$\int \nabla\times\vec{F}\cdot{\hat{n}}ds=\iint(-\frac{\partial z}{\partial x}(\frac{\partial R}{\partial y}-\frac{\partial Q}{\partial z})-\frac{\partial z}{\partial y}(\frac{\partial P}{\partial z}-\frac{\partial R}{\partial x})+(\frac{\partial Q}{\partial x}-\frac{\partial P}{\partial y}))dxdy$
$\nabla\times\vec{F}=<\frac{\partial R}{\partial y}-\frac{\partial Q}{\partial z},\frac{\partial P}{\partial z}-\frac{\partial R}{\partial x},\frac{\partial Q}{\partial x}-\frac{\partial P}{\partial y}>$
${\hat{n}}ds=<-\frac{\partial z}{\partial x},-\frac{\partial z}{\partial y},1>dxdy$ I parameterize the surface $Z(x,y)=x+y$,$\vec{r}(x,y)=x\hat{i}+y\hat{y}+z(x,y)\hat{k}$,$d{s}=(\frac{\partial \vec{r}}{\partial x}\times\frac{\partial \vec{r}}{\partial y})dxdy$
${\hat{n}}ds=\frac{<-\frac{\partial z}{\partial x},-\frac{\partial z}{\partial y},1>}{\sqrt{(-\frac{\partial z}{\partial x})^2+(-\frac{\partial z}{\partial y})^2+1}}*\sqrt{(-\frac{\partial z}{\partial x})^2+(-\frac{\partial z}{\partial y})^2+1}dxdy=<-\frac{\partial z}{\partial x},-\frac{\partial z}{\partial y},1>dxdy$
I want to know how to convert to $\iint(\frac{\partial R}{\partial y}-\frac{\partial Q}{\partial z})dydz+(\frac{\partial P}{\partial z}-\frac{\partial R}{\partial x})dzdx+(\frac{\partial Q}{\partial x}-\frac{\partial P}{\partial y})dxdy$
Can I make the following comparison? $-\frac{\partial z}{\partial x}dxdy=dydz,-\frac{\partial z}{\partial y}dxdy=dzdx$
I don’t know if this is correct,I don’t see any intuition,I can’t think of how to connect.

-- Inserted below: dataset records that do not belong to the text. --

lemma mult_power_le_two_power:
  fixes A c k :: nat
  assumes "1 \<le> A" "A * (c + 1) ^ (c + 1) \<le> k"
  shows "A * k ^ c \<le> 2 ^ k"
proof -
  have "c + 1 \<le> (c + 1) ^ (c + 1)" by (rule self_le_power) simp_all
  moreover have "(c + 1) ^ (c + 1) \<le> A * (c + 1) ^ (c + 1)" using assms(1) by simp
  ultimately have "c + 1 \<le> k" using assms(2) by linarith
  have "real A * real ((c + 1) ^ (c + 1)) \<le> real k"
    using assms(2) by (simp only: of_nat_mult[symmetric] of_nat_le_iff)
  then have "real k ^ c * (real A * real ((c + 1) ^ (c + 1))) \<le> real k ^ c * real k"
    by (rule mult_left_mono) simp
  then have "real A * real k ^ c * real ((c + 1) ^ (c + 1)) \<le> real k ^ c * real k"
    by (simp add: mult_ac)
  moreover have "(real k / real (c + 1)) ^ (c + 1) = real k ^ c * real k / real ((c + 1) ^ (c + 1))"
    by (simp only: power_divide of_nat_power) (simp add: power_add)
  moreover have "0 < real ((c + 1) ^ (c + 1))" by (simp only: of_nat_0_less_iff) simp
  ultimately have "real A * real k ^ c \<le> (real k / real (c + 1)) ^ (c + 1)"
    by (metis pos_le_divide_eq)
  also have "\<dots> \<le> real (k choose (c + 1))"
    using binomial_ge_n_over_k_pow_k[OF \<open>c + 1 \<le> k\<close>] by simp
  also have "\<dots> \<le> 2 ^ k"
    using binomial_le_pow2[of k "c + 1"] by (simp flip: of_nat_le_iff)
  finally show ?thesis by (metis of_nat_le_iff of_nat_mult of_nat_numeral of_nat_power)
qed

lemma one_minus_inverse_power_le_half:
  assumes "1 \<le> n"
  shows "(1 - 1 / real n) ^ n \<le> 1 / 2"
proof -
  have "(1 - 1 / real n) ^ n \<le> exp (- 1 / real n) ^ n"
    using exp_ge_add_one_self[of "- 1 / real n"] assms by (intro power_mono) auto
  also have "\<dots> = exp (- 1)" using assms by (simp add: exp_of_nat_mult[symmetric])
  also have "\<dots> \<le> 1 / 2"
    using exp_ge_add_one_self[of 1] by (simp add: exp_minus field_simps)
  finally show ?thesis .
qed

lemma power_mult_le_quarter:
  fixes x y N :: real
  assumes "0 \<le> x" "0 \<le> y" "x * y \<le> 1 / 4" "N \<le> x ^ n" "1 \<le> n"
  shows "N * y ^ n \<le> 1 / 4"
proof -
  have "N * y ^ n \<le> x ^ n * y ^ n" using assms(2,4) by (simp add: mult_right_mono)
  also have "\<dots> = (x * y) ^ n" by (simp add: power_mult_distrib)
  also have "\<dots> \<le> x * y"
    using power_decreasing[OF assms(5), of "x * y"] assms(1-3) by simp
  finally show ?thesis using assms(3) by linarith
qed

lemma binomial_square_le: "t \<le> M \<Longrightarrow> (M choose t) ^ 2 \<le> M ^ (2 * t)"
  by (metis binomial_le_pow power_mono power_mult mult.commute zero_le)

lemma real_card_subsets_le:
  assumes "finite C"
  shows "real (card {F. F \<subseteq> C \<and> card F = s}) \<le> real (card C) ^ s / fact s"
proof -
  have "real ((card C choose s) * fact s) \<le> real (card C ^ s)"
    by (simp only: of_nat_le_iff binomial_fact_pow)
  then show ?thesis by (simp add: n_subsets[OF assms] pos_le_divide_eq)
qed

section \<open>Bipartite Ramsey numbers\<close>

lemma obtain_monochromatic_half:
  fixes v :: "'a \<Rightarrow> bool"
  assumes "finite X" "2 * s \<le> card X"
  obtains col A where "A \<subseteq> X" "card A = s" "\<forall>i\<in>A. v i = col"
proof -
  have "card {i\<in>X. v i} + card {i\<in>X. \<not> v i} = card ({i\<in>X. v i} \<union> {i\<in>X. \<not> v i})"
    using assms(1) by (intro card_Un_disjoint[symmetric]) auto
  also have "\<dots> = card X" by (rule arg_cong[where f = card]) blast
  finally consider "s \<le> card {i\<in>X. v i}" | "s \<le> card {i\<in>X. \<not> v i}"
    using assms(2) by linarith
  then show thesis
  proof cases
    case 1
    then obtain A where "A \<subseteq> {i\<in>X. v i}" "card A = s" by (rule obtain_subset_with_card_n)
    then show thesis by (intro that[of A True]) auto
  next
    case 2
    then obtain A where "A \<subseteq> {i\<in>X. \<not> v i}" "card A = s" by (rule obtain_subset_with_card_n)
    then show thesis by (intro that[of A False]) auto
  qed
qed

lemma obtain_large_fibre:
  assumes "finite A" "finite Y" "Y \<noteq> {}" "g \<in> A \<rightarrow> Y" "card Y * s \<le> card A"
  obtains y B where "B \<subseteq> A" "card B = s" "\<forall>b\<in>B. g b = y"
proof -
  obtain y where "card A \<le> card (g -` {y} \<inter> A) * card Y"
    using pigeonhole_card[OF assms(4,1-3)] by blast
  then have "card Y * s \<le> card (g -` {y} \<inter> A) * card Y" using assms(5) by linarith
  then have "card Y * s \<le> card Y * card (g -` {y} \<inter> A)"
    by (simp only: mult.commute[of "card (g -` {y} \<inter> A)"])
  then have "s \<le> card (g -` {y} \<inter> A)"
    by (rule mult_left_le_imp_le) (use assms(2,3) in \<open>simp add: card_gt_0_iff\<close>)
  then obtain B where "B \<subseteq> g -` {y} \<inter> A" "card B = s" by (rule obtain_subset_with_card_n)
  then show thesis by (intro that[of B y]) auto
qed
(* Let $a\in\mathbb{R}$ and $\lambda\in[0,1)$, and let $f_{a,\lambda}=h+\overline{g}$ be the generalized harmonic quasiconformal Koebe function, i.e. $h,g$ are analytic in the unit disk $\mathbb{D}$ with $h(0)=g(0)=0$ and $$h(z)-g(z)=k_a(z),\qquad \frac{g'(z)}{h'(z)}=\lambda z\quad(z\in\mathbb{D}).$$ Then $f_{a,\lambda}$ is univalent in $\mathbb{D}$ if and only if $-2\le a\le 2$.
   Context: $\mathbb{D}=\{z\in\mathbb{C}:|z|<1\}$. For $a\in\mathbb{R}\setminus\{0\}$ the generalized Koebe function is $k_a(z)=\frac{1}{2a}\left[\left(\frac{1+z}{1-z}\right)^a-1\right]$ (principal branch; $\frac{1+z}{1-z}$ lies in the right half-plane), and $k_0(z)=\frac12\log\frac{1+z}{1-z}$ (the limit $a\to0$). The system determines $h,g$ uniquely, and $h'(0)=1$, $g'(0)=0$. *)

theory Defs
  imports "HOL-Complex_Analysis.Complex_Analysis"
begin

text \<open>Generalized Koebe function k_a (principal branch; complex powr is exp (w * Ln z)).\<close>
definition gen_koebe :: "real \<Rightarrow> complex \<Rightarrow> complex" where
  "gen_koebe a z =
     (if a = 0 then Ln ((1 + z) / (1 - z)) / 2
      else (((1 + z) / (1 - z)) powr (complex_of_real a) - 1) / (2 * complex_of_real a))"

end

theory Submission
  imports Defs
begin
(* Let $A=A_n$ be an $n\times n$ real symmetric random matrix whose entries $(a_{ij})_{1\le i\le j\le n}$ are independent Bernoulli$(p)$, $p=p_n$, and let $\lambda_1(A)$ be its largest eigenvalue. There exist an absolute constant $c>0$ and, for each $w\in(0,1)$, an integer $m(w)$ such that: whenever $w\in(0,1)$, $n^{w-1}\le p_n\le\tfrac12$ for all $n$, and $m=m_n$ are integers with $m(w)\le m_n\le c\min(n^{w/4},\sqrt{p_nn^{1-w}})$, then $$\lim_{n\to\infty} n^2p_n\,\mathbb{E}\Bigl[\Bigl(\frac{\lambda_1(A)}{\mathbb{E}[\lambda_1(A)]}-1\Bigr)^{2m}\Bigr]=0.$$
   Context: Diagonal entries of $A$ are included and are independent Bernoulli$(p_n)$. *)

theory Defs
  imports "HOL-Probability.Probability" "Jordan_Normal_Form.Char_Poly"
begin

definition sym_bern_mat :: "nat \<Rightarrow> (nat \<times> nat \<Rightarrow> bool) \<Rightarrow> real mat" where
  "sym_bern_mat n f = mat n n (\<lambda>(i,j). if f (min i j, max i j) then 1 else 0)"

definition entries_pmf :: "nat \<Rightarrow> real \<Rightarrow> (nat \<times> nat \<Rightarrow> bool) pmf" where
  "entries_pmf n p = Pi_pmf {(i,j). i \<le> j \<and> j < n} False (\<lambda>_. bernoulli_pmf p)"

definition lambda1 :: "real mat \<Rightarrow> real" where
  "lambda1 A = Max {k. eigenvalue A k}"

definition E_lambda1 :: "nat \<Rightarrow> real \<Rightarrow> real" where
  "E_lambda1 n p = measure_pmf.expectation (entries_pmf n p) (\<lambda>f. lambda1 (sym_bern_mat n f))"

end

theory Submission
  imports Defs
begin

text \<open>
  The largest eigenvalue of a nonnegative symmetric matrix lies between its mean row sum (the
  Rayleigh quotient of the constant vector) and its maximal row sum.  For the random matrix the row
  sums are the vertex degrees, each a sum of n independent Bernoulli(p) variables, so
  (\<lambda>1 - np)^(2m) is dominated by the sum over all vertices of (deg - np)^(2m).  The binomial
  moment generating function gives E (deg - np)^(2m) \<le> 2e (2m)! (np)^m.  Since E \<lambda>1 \<ge> np,
  recentring at E \<lambda>1 and normalising costs at most 2^(2m+1) / (np)^(2m), so the normalised
  moment is at most 4e n (16 m^2 / (np))^m, which the constraints on m and p make O(n^-3).
\<close>

section \<open>Rayleigh quotients and the largest eigenvalue\<close>

definition quad_form :: "nat \<Rightarrow> real mat \<Rightarrow> (nat \<Rightarrow> real) \<Rightarrow> real" where
  "quad_form n M x = (\<Sum>i<n. \<Sum>j<n. M $$ (i,j) * x i * x j)"

definition sum_sq :: "nat \<Rightarrow> (nat \<Rightarrow> real) \<Rightarrow> real" where
  "sum_sq n x = (\<Sum>i<n. (x i)^2)"

lemma sum_sq_nonneg: "0 \<le> sum_sq n x"
  unfolding sum_sq_def by (simp add: sum_nonneg)

lemma sq_le_sum_sq: "i < n \<Longrightarrow> (x i)^2 \<le> sum_sq n x"
  unfolding sum_sq_def by (rule member_le_sum) auto

lemma sum_sq_eq_0_iff: "sum_sq n x = 0 \<longleftrightarrow> (\<forall>i<n. x i = 0)"
  unfolding sum_sq_def by (auto simp: sum_nonneg_eq_0_iff)

lemma quad_form_cong: "(\<And>i. i < n \<Longrightarrow> x i = y i) \<Longrightarrow> quad_form n M x = quad_form n M y"
  unfolding quad_form_def by simp

lemma sum_sq_cong: "(\<And>i. i < n \<Longrightarrow> x i = y i) \<Longrightarrow> sum_sq n x = sum_sq n y"
  unfolding sum_sq_def by simp

lemma quad_form_scale: "quad_form n M (\<lambda>i. c * x i) = c^2 * quad_form n M x"
  unfolding quad_form_def power2_eq_square by (simp add: sum_distrib_left algebra_simps)

lemma sum_sq_scale: "sum_sq n (\<lambda>i. c * x i) = c^2 * sum_sq n x"
  unfolding sum_sq_def by (simp add: sum_distrib_left power_mult_distrib)

lemma quad_form_add_scaled:
  assumes sym: "\<And>i j. i < n \<Longrightarrow> j < n \<Longrightarrow> M $$ (i,j) = M $$ (j,i)"
  shows "quad_form n M (\<lambda>i. x i + t * v i) = quad_form n M x
           + 2 * t * (\<Sum>i<n. v i * (\<Sum>j<n. M $$ (i,j) * x j)) + t^2 * quad_form n M v"
proof -
  have swap: "(\<Sum>i<n. \<Sum>j<n. M $$ (i,j) * x i * v j) = (\<Sum>i<n. \<Sum>j<n. M $$ (i,j) * v i * x j)"
    by (subst sum.swap) (intro sum.cong refl, auto simp: sym mult.commute)
  have pointwise: "M $$ (i,j) * (x i + t * v i) * (x j + t * v j) = M $$ (i,j) * x i * x j
     + t * (M $$ (i,j) * v i * x j) + t * (M $$ (i,j) * x i * v j) + t^2 * (M $$ (i,j) * v i * v j)"
    for i j by (simp add: algebra_simps power2_eq_square)
  have expand: "quad_form n M (\<lambda>i. x i + t * v i) = quad_form n M x
     + t * (\<Sum>i<n. \<Sum>j<n. M $$ (i,j) * v i * x j) + t * (\<Sum>i<n. \<Sum>j<n. M $$ (i,j) * x i * v j)
     + t^2 * quad_form n M v"
    unfolding quad_form_def pointwise by (simp only: sum.distrib flip: sum_distrib_left)
  have factor: "(\<Sum>i<n. \<Sum>j<n. M $$ (i,j) * v i * x j) = (\<Sum>i<n. v i * (\<Sum>j<n. M $$ (i,j) * x j))"
    by (simp add: sum_distrib_left mult_ac)
  show ?thesis by (simp only: expand swap factor)
qed

lemma sum_sq_add_scaled:
  "sum_sq n (\<lambda>i. x i + t * v i) = sum_sq n x + 2 * t * (\<Sum>i<n. x i * v i) + t^2 * sum_sq n v"
proof -
  have "(x i + t * v i)^2 = (x i)^2 + 2 * t * (x i * v i) + t^2 * (v i)^2" for i
    by (simp add: algebra_simps power2_eq_square)
  then show ?thesis
    unfolding sum_sq_def by (simp only: sum.distrib flip: sum_distrib_left)
qed

lemma quad_form_attains_max_on_sphere:
  assumes "n > 0"
  obtains x where "sum_sq n x = 1" "\<And>y. sum_sq n y = 1 \<Longrightarrow> quad_form n M y \<le> quad_form n M x"
proof -
  define box where "box = PiE UNIV (\<lambda>i. if i < n then {-1..1::real} else {0})"
  define S where "S = box \<inter> {x. sum_sq n x = 1}"
  have "compactin (product_topology (\<lambda>i. euclidean) UNIV) box"
    unfolding box_def by (subst compactin_PiE) auto
  then have "compact box"
    by (simp add: euclidean_product_topology)
  moreover have "closed {x. sum_sq n x = 1}"
    unfolding sum_sq_def
    by (intro closed_Collect_eq continuous_intros continuous_on_product_coordinates)
  ultimately have "compact S"
    unfolding S_def by (rule compact_Int_closed)
  have restrict_in_S: "(\<lambda>i. if i < n then y i else 0) \<in> S" if "sum_sq n y = 1" for y
  proof -
    have "\<bar>y i\<bar> \<le> 1" if "i < n" for i
      using sq_le_sum_sq[OF that, of y] \<open>sum_sq n y = 1\<close> by (simp add: abs_square_le_1)
    moreover have "sum_sq n (\<lambda>i. if i < n then y i else 0) = 1"
      using \<open>sum_sq n y = 1\<close> by (subst sum_sq_cong[of n _ y]) auto
    ultimately show ?thesis
      unfolding S_def box_def by (auto simp: PiE_def Pi_def extensional_def abs_le_iff)
  qed
  have "sum_sq n (\<lambda>_. 1 / sqrt n) = 1"
    using assms by (simp add: sum_sq_def power_divide)
  then have "S \<noteq> {}"
    using restrict_in_S by blast
  moreover have "continuous_on S (quad_form n M)"
    unfolding quad_form_def
    by (intro continuous_intros continuous_on_subset[OF continuous_on_product_coordinates]) auto
  ultimately obtain x where "x \<in> S" and x_max: "\<And>y. y \<in> S \<Longrightarrow> quad_form n M y \<le> quad_form n M x"
    using continuous_attains_sup[OF \<open>compact S\<close>] by blast
  show thesis
  proof
    show "sum_sq n x = 1" using \<open>x \<in> S\<close> unfolding S_def by simp
    show "quad_form n M y \<le> quad_form n M x" if "sum_sq n y = 1" for y
      using x_max[OF restrict_in_S[OF that]] by (subst quad_form_cong[of n y]) auto
  qed
qed

lemma quad_form_le_by_homogeneity:
  assumes "\<And>z. sum_sq n z = 1 \<Longrightarrow> quad_form n M z \<le> \<nu>"
  shows "quad_form n M y \<le> \<nu> * sum_sq n y"
proof (cases "sum_sq n y = 0")
  case True
  then have "quad_form n M y = quad_form n M (\<lambda>_. 0)"
    by (intro quad_form_cong) (simp add: sum_sq_eq_0_iff)
  with True show ?thesis by (simp add: quad_form_def)
next
  case False
  then have pos: "sum_sq n y > 0" using sum_sq_nonneg[of n y] by linarith
  define s where "s = sqrt (sum_sq n y)"
  have "s > 0" and s2: "s^2 = sum_sq n y" unfolding s_def using pos by auto
  have "sum_sq n (\<lambda>i. (1/s) * y i) = 1"
    using \<open>s > 0\<close> s2 pos unfolding sum_sq_scale by (simp add: power_divide)
  then have "(1/s)^2 * quad_form n M y \<le> \<nu>"
    using assms by (simp only: quad_form_scale[symmetric])
  then have "s^2 * ((1/s)^2 * quad_form n M y) \<le> s^2 * \<nu>"
    by (rule mult_left_mono) simp
  then show ?thesis
    using \<open>s > 0\<close> s2 pos by (simp add: power_divide mult.commute)
qed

Can someone correct my errors and explain if there is a connection between them?
Thank you very much for your help
I think you should look up exterior calculus.
$dxdy$ is actually $dx\wedge dy$. It represents infinitesimal (2-d) parallelogram patches which the integral evaluates the integrand on, much like $dx$ in single variable calculus are 1-dimensional "steps" in the $X$ direction.
When the parallelogram is formed by taking 1 step in $X$ and 1 step in $Y$, its signed area is $dx\wedge dy$. This area value is the same as the value of $\overrightarrow{x}\times\overrightarrow{y}$ being $|\overrightarrow{x}||\overrightarrow{y}|\sin\theta$ with the signed measurement of $\theta$ according to the right-hand-rule. So it is anticommutative just like the cross product.
The corresponding patch $dz\wedge dy$ is thus $\frac{\partial z}{\partial x}dx\wedge dy$.